Yes, that’s right. With athenahealth, you can only retrieve information from the HIE for patients that you have scheduled a visit with or are manually interacting with. athenahealth will then suggest possible matches from the records on the HIE and ask for user confirmation to add it to the patient’s record. This information becomes a part of the patient’s record that you can modify and use as needed. However, this process only applies to one patient at a time that we manually interact with.
This manual interaction doesn’t help when we need to determine which patients we should schedule visits with, especially if we have 10,000 patients and limited capacity. In order to identify patients with unaddressed needs, we need to query data across multiple records or HIE sources. Unfortunately, this is not possible with athenahealth in a programmatic way, but we can with Health Gorilla.
How would you characterize the developer experience and experience with their APIs?
The connections have been solid and the engineering support provided by the Health Gorilla team has been very good. Overall, I’d say they have met our needs, so the developer experience has generally been pretty positive.
How has their support been?
They’ve been responsive for us, and we have a good relationship with them. We have an assigned account manager who we can communicate with whenever we need them, and they proactively involve us in their governance councils and long-term strategy discussions. With other vendors, it’s a different story, as I or someone on the team often has to deal with SLA issues and downtime. But with Health Gorilla, we haven’t had to do that. So that’s a good indicator of the strength of their infrastructure. Our partnership has been mainly focused on future capabilities and details of our API integration or their data structures.
Do you feel like your company made the right decision in choosing Health Gorilla?
Yeah, I think so. We haven’t had any regrets or major issues to deal with. We’ve mainly been considering whether the coverage provided needs any additional supplements. There’s a high likelihood (around 90%) that we’ll renew, but there’s a small chance that we might look for something that not only complements our current coverage but also offers broader coverage. In that case, we would consider replacing it. Overall, our experience has been positive. Our users frequently use the product through the portal on the provider side, and they generally have a good experience. The technology integration and access to data that we wanted within the available coverage have also worked well.

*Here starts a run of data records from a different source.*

lemma Beta_tendsto_0:
  fixes a y \<beta> :: real
  assumes a: "0 < a" and y: "0 < y" and \<beta>: "0 < \<beta>"
  shows "(\<lambda>k. Beta (a * real k + y) \<beta>) \<longlonglongrightarrow> 0"
proof -
  define B where "B k t = t powr (a * real k + y - 1) * (1 - t) powr (\<beta> - 1)" for k t
  have B_int: "(B k has_integral Beta (a * real k + y) \<beta>) {0..1}" for k
    unfolding B_def using a y \<beta> by (intro has_integral_Beta_real) (auto intro: add_nonneg_pos)
  have B_le: "norm (B k t) \<le> t powr (y - 1) * (1 - t) powr (\<beta> - 1)" if "t \<in> {0..1}" for k t
    unfolding B_def using that a by (auto intro!: mult_right_mono powr_mono')
  have B_lim: "(\<lambda>k. B k t) \<longlonglongrightarrow> 0" if "t \<in> {0..1}" for t
  proof (cases "t = 0 \<or> t = 1")
    case True
    then show ?thesis by (auto simp: B_def)
  next
    case False
    with that have t: "0 < t" "t < 1" by auto
    have "B k t = t powr (y - 1) * (1 - t) powr (\<beta> - 1) * (t powr a) ^ k" for k
      using t by (simp add: B_def powr_power powr_add[symmetric] algebra_simps)
    moreover have "t powr a < 1"
      using powr_less_mono2[of a t 1] t a by simp
    then have "(\<lambda>k. (t powr a) ^ k) \<longlonglongrightarrow> 0"
      by (intro LIMSEQ_realpow_zero) auto
    ultimately show ?thesis
      by (simp add: tendsto_mult_right_zero)
  qed
  have "(\<lambda>k. integral {0..1} (B k)) \<longlonglongrightarrow> integral {0..1} (\<lambda>t::real. 0::real)"
    using dominated_convergence(2)[OF _ integrable_Beta'[OF y \<beta>] B_le B_lim] B_int
    by (auto simp: integrable_on_def)
  moreover have "integral {0..1} (B k) = Beta (a * real k + y) \<beta>" for k
    using B_int by (rule integral_unique)
  ultimately show ?thesis
    by simp
qed

lemma summable_div_Gamma_Gamma:
  fixes \<alpha> \<mu> \<nu> M :: real
  assumes \<alpha>: "0 < \<alpha>" and \<mu>: "0 < \<mu>" and \<nu>: "0 < \<nu>"
  shows "summable (\<lambda>k. M ^ k / (Gamma (\<alpha> * real k + \<mu>) * Gamma (\<alpha> * real k + \<nu>)))"
proof -
  define t where "t k = M ^ k / (Gamma (\<alpha> * real k + \<mu>) * Gamma (\<alpha> * real k + \<nu>))" for k
  define r where "r k = M * (Beta (\<alpha> * real k + \<mu>) \<alpha> / Gamma \<alpha>) * (Beta (\<alpha> * real k + \<nu>) \<alpha> / Gamma \<alpha>)"
    for k
  have pos: "0 < \<alpha> * real k + \<mu>" "0 < \<alpha> * real k + \<nu>" for k
    using \<alpha> \<mu> \<nu> by (simp_all add: add_nonneg_pos)
  have step: "t (Suc k) = r k * t k" for k
  proof -
    have "0 < Gamma (\<alpha> * real k + \<mu>)" "0 < Gamma (\<alpha> * real k + \<nu>)"
      "0 < Gamma (\<alpha> * real k + \<mu> + \<alpha>)" "0 < Gamma (\<alpha> * real k + \<nu> + \<alpha>)"
      using pos[of k] \<alpha> by simp_all
    moreover have "\<alpha> * real (Suc k) + \<mu> = (\<alpha> * real k + \<mu>) + \<alpha>" "\<alpha> * real (Suc k) + \<nu> = (\<alpha> * real k + \<nu>) + \<alpha>"
      by (simp_all add: algebra_simps)
    ultimately show ?thesis
      unfolding t_def r_def Gamma_div_Gamma_add_eq_Beta[OF \<alpha>, symmetric]
      by (simp add: field_simps)
  qed
  have "Gamma \<alpha> \<noteq> 0"
    using Gamma_real_pos[OF \<alpha>] by linarith
  then have "(\<lambda>k. \<bar>r k\<bar>) \<longlonglongrightarrow> \<bar>M * (0 / Gamma \<alpha>) * (0 / Gamma \<alpha>)\<bar>"
    unfolding r_def
    by (intro tendsto_intros Beta_tendsto_0) (use \<alpha> \<mu> \<nu> in auto)
  then have "eventually (\<lambda>k. \<bar>r k\<bar> < 1/2) sequentially"
    by (intro order_tendstoD) auto
  then obtain K where K: "\<And>k. K \<le> k \<Longrightarrow> \<bar>r k\<bar> < 1/2"
    by (auto simp: eventually_at_top_linorder)
  show ?thesis
    unfolding t_def[symmetric]
  proof (rule summable_ratio_test[of "1/2" K])
    fix k assume "K \<le> k"
    then have "\<bar>r k\<bar> * \<bar>t k\<bar> \<le> 1/2 * \<bar>t k\<bar>"
      using K by (intro mult_right_mono) (auto simp: less_imp_le)
    then show "norm (t (Suc k)) \<le> 1/2 * norm (t k)"
      unfolding step by (simp add: abs_mult)
  qed simp
qed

What is a growth area you see for Health Gorilla?
I think they’re well aware of coverage issues and are actively trying to expand their coverage. That’s the entire purpose of their business model. They understand the importance of going beyond just the coverage provided by CommonWell and Carequality. It’s definitely a key element of their product strategy and future plans. They’re closely following national trends, regulatory standards, and new legislation, and exploring new opportunities.
Any advice for buyers who are evaluating this type of product?
I think there are a number of good solutions out there. The most important thing is to have a clear understanding of how you intend to use the data. You’ll want to make sure to choose a vendor that can provide the necessary coverage for your needs. In our case, Health Gorilla has been quite effective in meeting our intended use cases.